Among my favourite of these Python visualisation/ data science libraries is NetworkX, a powerful package designed to manipulate and study the structure and dynamics of complex networks. While NetworkX excels most at applying graph theory algorithms on network graphs in excess of 100 million edges, it also provides the capability to visualise these networks efficiently and, in my opinion, easier than the equivalent packages in R.

In this article, I will explain how to visualise network data in Power BI utilising the new Python Integration and the NetworkX Python library.

Getting Started

To begin experimenting with NetworkX and Python in Power BI, there are several pre-requisites:

  • Enable Python integration in the preview settings by going to File –> Options and Settings –> Options –> Preview features and enabling Python support.

clip_image002_thumb4_thumb

  • Ensure Python is installed and fully up-to-date.
  • Install the following Python libraries:
    • NetworkX
    • NumPy
    • pandas
    • Matplotlib

Loading Data

The data I used was created to demonstrate this task in Power BI but there are many real-world network datasets to experiment with provided by Stanford Network Analysis Project. This small dummy dataset represents a co-purchasing network of books.

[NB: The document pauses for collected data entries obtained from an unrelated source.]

(* Let $\Omega$ be an infinite set, $\kappa$ a regular infinite cardinal with $\kappa\le|\Omega|$, $d$ a $\kappa$-uncrowded (respectively, uniformly $\kappa$-uncrowded) generalized metric on $\Omega$, and $G$ a subgroup of $S=\mathrm{Sym}(\Omega)$ all of whose elements are bounded with respect to $d$. Then for any subset $U\subseteq\mathrm{Sym}(\Omega)$ with $|U|<\kappa$, there exists a generalized metric $d'\le d$ on $\Omega$, again $\kappa$-uncrowded (respectively, uniformly $\kappa$-uncrowded), such that every element of $U$, and hence every element of $\langle G\cup U\rangle$, is bounded with respect to $d'$. Consequently, for subgroups of $S$, the property that there exists a (uniformly) $\kappa$-uncrowded generalized metric on $\Omega$ with respect to which every element of the subgroup is bounded is inherited by every subgroup $H$ with $H\preccurlyeq_\kappa G$, in particular by every $H$ with $H\approx_\kappa G$.
   Context: $\mathrm{Sym}(\Omega)$ is the group of all permutations of $\Omega$, acting on the right. Let $P=\{r\in\mathbb R:r\ge0\}\cup\{\infty\}$. A generalized metric on $\Omega$ is a function $d:\Omega\times\Omega\to P$ satisfying the usual metric axioms (with values allowed to be $\infty$). $B_d(\alpha,r)=\{\beta:d(\alpha,\beta)<r\}$. $d$ is $\kappa$-uncrowded if $|B_d(\alpha,r)|<\kappa$ for all $\alpha\in\Omega$ and all $r<\infty$; uniformly $\kappa$-uncrowded if for every $r<\infty$ there is a cardinal $\lambda<\kappa$ with $|B_d(\alpha,r)|\le\lambda$ for all $\alpha$. $d'\le d$ means $d'(\alpha,\beta)\le d(\alpha,\beta)$ for all $\alpha,\beta$. For $g\in\mathrm{Sym}(\Omega)$, $\|g\|_d=\sup_{\alpha\in\Omega}d(\alpha,\alpha g)$, and $g$ is bounded if $\|g\|_d<\infty$. For subgroups $G_1,G_2\le S$, $G_1\preccurlyeq_\kappa G_2$ means there is $U\subseteq S$ with $|U|<\kappa$ and $G_1\le\langle G_2\cup U\rangle$; $G_1\approx_\kappa G_2$ means both $G_1\preccurlyeq_\kappa G_2$ and $G_2\preccurlyeq_\kappa G_1$. *)

theory Defs
  imports "HOL-Algebra.Bij" "HOL-Algebra.Generated_Groups" "HOL-Library.Extended_Nonnegative_Real"
begin

notation
  ordLeq2 (infix \<open><=o\<close> 50) and
  ordLeq3 (infix \<open>\<le>o\<close> 50) and
  ordLess2 (infix \<open><o\<close> 50) and
  ordIso2 (infix \<open>=o\<close> 50) and
  card_of (\<open>|_|\<close>)

text \<open>Omega is the universe of the type 'a; Sym(Omega) is BijGroup UNIV.
  Values in P = [0,\<infinity>] are modelled by ennreal.
  Cardinals are card-order relations; |A| < kappa is |A| <o kappa.\<close>

abbreviation Sym :: "('a \<Rightarrow> 'a) monoid" where
  "Sym \<equiv> BijGroup (UNIV :: 'a set)"

definition gen_metric :: "('a \<Rightarrow> 'a \<Rightarrow> ennreal) \<Rightarrow> bool" where
  "gen_metric d \<longleftrightarrow>
     (\<forall>x y. d x y = 0 \<longleftrightarrow> x = y) \<and>
     (\<forall>x y. d x y = d y x) \<and>
     (\<forall>x y z. d x z \<le> d x y + d y z)"

definition ball_d :: "('a \<Rightarrow> 'a \<Rightarrow> ennreal) \<Rightarrow> 'a \<Rightarrow> ennreal \<Rightarrow> 'a set" where
  "ball_d d x r = {y. d x y < r}"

The data I loaded into Power BI consisted of two separate CSVs. One, Books.csv, consisted of metadata pertaining to the top 40 bestselling books according to Wikipedia and their assigned IDs. The other, Relationship.csv, was an edgelist of the book IDs which is a popular method for storing/ delivering network data. The graph I wanted to create was an undirected, unweighted graph which I wanted to be able to cross-filter accurately. Because of this, I duplicated this edgelist and reversed the columns so the ToNodeId and FromNodeId were swapped. Adding this new edge list onto the end of the original edgelist has created a dataset with can be filtered on both columns later down the line. For directed graphs, this step is unnecessary and can be ignored.

Once loaded into Power BI, I duplicated the Books table to create the following relationship diagram as it isn’t possible to replicate the relationship between FromNodeId to Book ID and ToNodeId to Book ID with only one Books table.

clip_image004_thumb3_thumb

From here I can build my network graph.

Building the Network Graph

Finally, we can begin the Python Integration!

Select the Python visual from the visualizations pane and drag this onto the dashboard.

clip_image006_thumb3_thumb

Drag the Book Title columns of both Books and Books2 into Values.

clip_image008_thumb1_thumb

Power BI will create a data frame from these values. This can be seen in the top 4 lines in the Python script editor.

clip_image010_thumb3_thumb

The following Python code (also shown above) will create and draw a simple undirected and unweighted network graph with node labels from the data frame Power BI generated:

import networkx as nx
import matplotlib.pyplot as plt
G = nx.from_pandas_edgelist(dataset, source="Book Title", target="Book Title.1")
nx.draw(G, with_labels = True)
plt.show()

** NOTE: You may find that the code above will fail to work with large networks. This is because by default networkx will draw the graph according to the Fruchterman Reingold layout, which will position the nodes for the highest readability. This layout is unsuitable for networks larger than 1000 nodes due to the memory and run time required to run the algorithm. As an alternative, you can position the nodes in a circle or randomly by editing the line

nx.draw(G, with_labels = True)

to

nx.draw(G, with_labels = True, pos=nx.circular_layout(G))

or

nx.draw(G, with_labels = True, pos=nx.random_layout(G))
**

This will produce the network graph below:

clip_image012_thumb3_thumb

You are also able to cross filter the network graph by selecting rows in the table on the right-hand side:

clip_image014_thumb4_thumb

Conclusion

Python visuals are simple to produce and although the visual itself isn’t interactive, they will update with data refreshes and cross filtering, much like the R integration added 3 years ago. The introduction of Python in Power BI has opened doors for visualisation with libraries such as NetworkX, to visualise all BI networks from Airline Connection Flights and Co-Purchasing networks to Social Network Analysis.